Task to complete :: Scanning the entries below, copy every line that contains the word "ultimately".

[Stored items]
***

lemma sum_cot_csc_squared_shifts:
  fixes q :: nat
  assumes q: "q > 0" and sx: "sin (real q * x) \<noteq> 0"
  shows "(\<Sum>c<q. cot (x + pi * real c / real q) / sin (x + pi * real c / real q) ^ 2)
    = real q ^ 3 * cot (real q * x) / sin (real q * x) ^ 2"
proof -
  have "(\<Sum>c<q. -2 * cot (x + pi * real c / real q) / sin (x + pi * real c / real q) ^ 2)
      = real q ^ 2 * ((-2 * cot (real q * x) / sin (real q * x) ^ 2) * real q)"
  proof (rule sum_shifts_derivative[OF q sx, of "\<lambda>y. 1 / sin y ^ 2" "\<lambda>x. real q ^ 2 / sin (real q * x) ^ 2"])
    show "(\<Sum>c<q. 1 / sin (x + pi * real c / real q) ^ 2) = real q ^ 2 / sin (real q * x) ^ 2"
      if "sin (real q * x) \<noteq> 0" for x
      using sum_csc_squared_shifts[OF q that] .
    show "((\<lambda>y. 1 / sin y ^ 2) has_real_derivative -2 * cot y / sin y ^ 2) (at y)"
      if "sin y \<noteq> 0" for y
      using DERIV_csc_squared[OF that] .
    have "((\<lambda>x. real q ^ 2 * (1 / sin (real q * x) ^ 2))
        has_real_derivative real q ^ 2 * ((-2 * cot (real q * x) / sin (real q * x) ^ 2) * real q)) (at x)"
      by (intro DERIV_cmult DERIV_chain2[of "\<lambda>y. 1 / sin y ^ 2" _ "\<lambda>x. real q * x", OF DERIV_csc_squared[OF sx]])
        (auto intro!: derivative_eq_intros)
    thus "((\<lambda>x. real q ^ 2 / sin (real q * x) ^ 2)
        has_real_derivative real q ^ 2 * ((-2 * cot (real q * x) / sin (real q * x) ^ 2) * real q)) (at x)"
      by simp
  qed
  moreover have "(\<Sum>c<q. -2 * cot (x + pi * real c / real q) / sin (x + pi * real c / real q) ^ 2)
      = -2 * (\<Sum>c<q. cot (x + pi * real c / real q) / sin (x + pi * real c / real q) ^ 2)"
    by (simp add: sum_distrib_left)
  moreover have "real q ^ 2 * ((-2 * cot (real q * x) / sin (real q * x) ^ 2) * real q)
      = -2 * (real q ^ 3 * cot (real q * x) / sin (real q * x) ^ 2)"
    by (simp add: power2_eq_square power3_eq_cube)
  ultimately show ?thesis by simp
qed

lemma sum_csc_fourth_shifts:
  fixes q :: nat
  assumes q: "q > 0" and sx: "sin (real q * x) \<noteq> 0"
  shows "(\<Sum>c<q. 1 / sin (x + pi * real c / real q) ^ 4)
    = real q ^ 4 / sin (real q * x) ^ 4 - 2/3 * (real q ^ 4 - real q ^ 2) / sin (real q * x) ^ 2"
proof -
  have "(\<Sum>c<q. 2 / sin (x + pi * real c / real q) ^ 2 - 3 / sin (x + pi * real c / real q) ^ 4)
      = real q ^ 3 * ((2 / sin (real q * x) ^ 2 - 3 / sin (real q * x) ^ 4) * real q)"
  proof (rule sum_shifts_derivative[OF q sx, of "\<lambda>y. cot y / sin y ^ 2"
        "\<lambda>x. real q ^ 3 * cot (real q * x) / sin (real q * x) ^ 2"])
    show "(\<Sum>c<q. cot (x + pi * real c / real q) / sin (x + pi * real c / real q) ^ 2)
        = real q ^ 3 * cot (real q * x) / sin (real q * x) ^ 2" if "sin (real q * x) \<noteq> 0" for x
      using sum_cot_csc_squared_shifts[OF q that] .
    show "((\<lambda>y. cot y / sin y ^ 2) has_real_derivative 2 / sin y ^ 2 - 3 / sin y ^ 4) (at y)"
      if "sin y \<noteq> 0" for y
      using DERIV_cot_csc_squared[OF that] .
    have "((\<lambda>x. real q ^ 3 * (cot (real q * x) / sin (real q * x) ^ 2))
        has_real_derivative real q ^ 3 * ((2 / sin (real q * x) ^ 2 - 3 / sin (real q * x) ^ 4) * real q)) (at x)"
      by (intro DERIV_cmult DERIV_chain2[of "\<lambda>y. cot y / sin y ^ 2" _ "\<lambda>x. real q * x", OF DERIV_cot_csc_squared[OF sx]])
        (auto intro!: derivative_eq_intros)
    thus "((\<lambda>x. real q ^ 3 * cot (real q * x) / sin (real q * x) ^ 2)
        has_real_derivative real q ^ 3 * ((2 / sin (real q * x) ^ 2 - 3 / sin (real q * x) ^ 4) * real q)) (at x)"
      by simp
  qed
  hence "2 * (\<Sum>c<q. 1 / sin (x + pi * real c / real q) ^ 2) - 3 * (\<Sum>c<q. 1 / sin (x + pi * real c / real q) ^ 4)
      = real q ^ 4 * (2 / sin (real q * x) ^ 2 - 3 / sin (real q * x) ^ 4)"
    by (simp add: sum_subtractf sum_distrib_left power2_eq_square eval_nat_numeral)
  hence "2 * (real q ^ 2 * (1 / sin (real q * x) ^ 2)) - 3 * (\<Sum>c<q. 1 / sin (x + pi * real c / real q) ^ 4)
      = real q ^ 4 * (2 * (1 / sin (real q * x) ^ 2) - 3 * (1 / sin (real q * x) ^ 4))"
    unfolding sum_csc_squared_shifts[OF q sx] by simp
  moreover have "T = Q ^ 4 * K4 - 2/3 * (Q ^ 4 - Q ^ 2) * K2"
    if "2 * (Q ^ 2 * K2) - 3 * T = Q ^ 4 * (2 * K2 - 3 * K4)" for T Q K2 K4 :: real
    using that by (simp add: algebra_simps)
  ultimately show ?thesis by fastforce
qed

***

Response ::
  ultimately show ?thesis by simp
  ultimately show ?thesis by fastforce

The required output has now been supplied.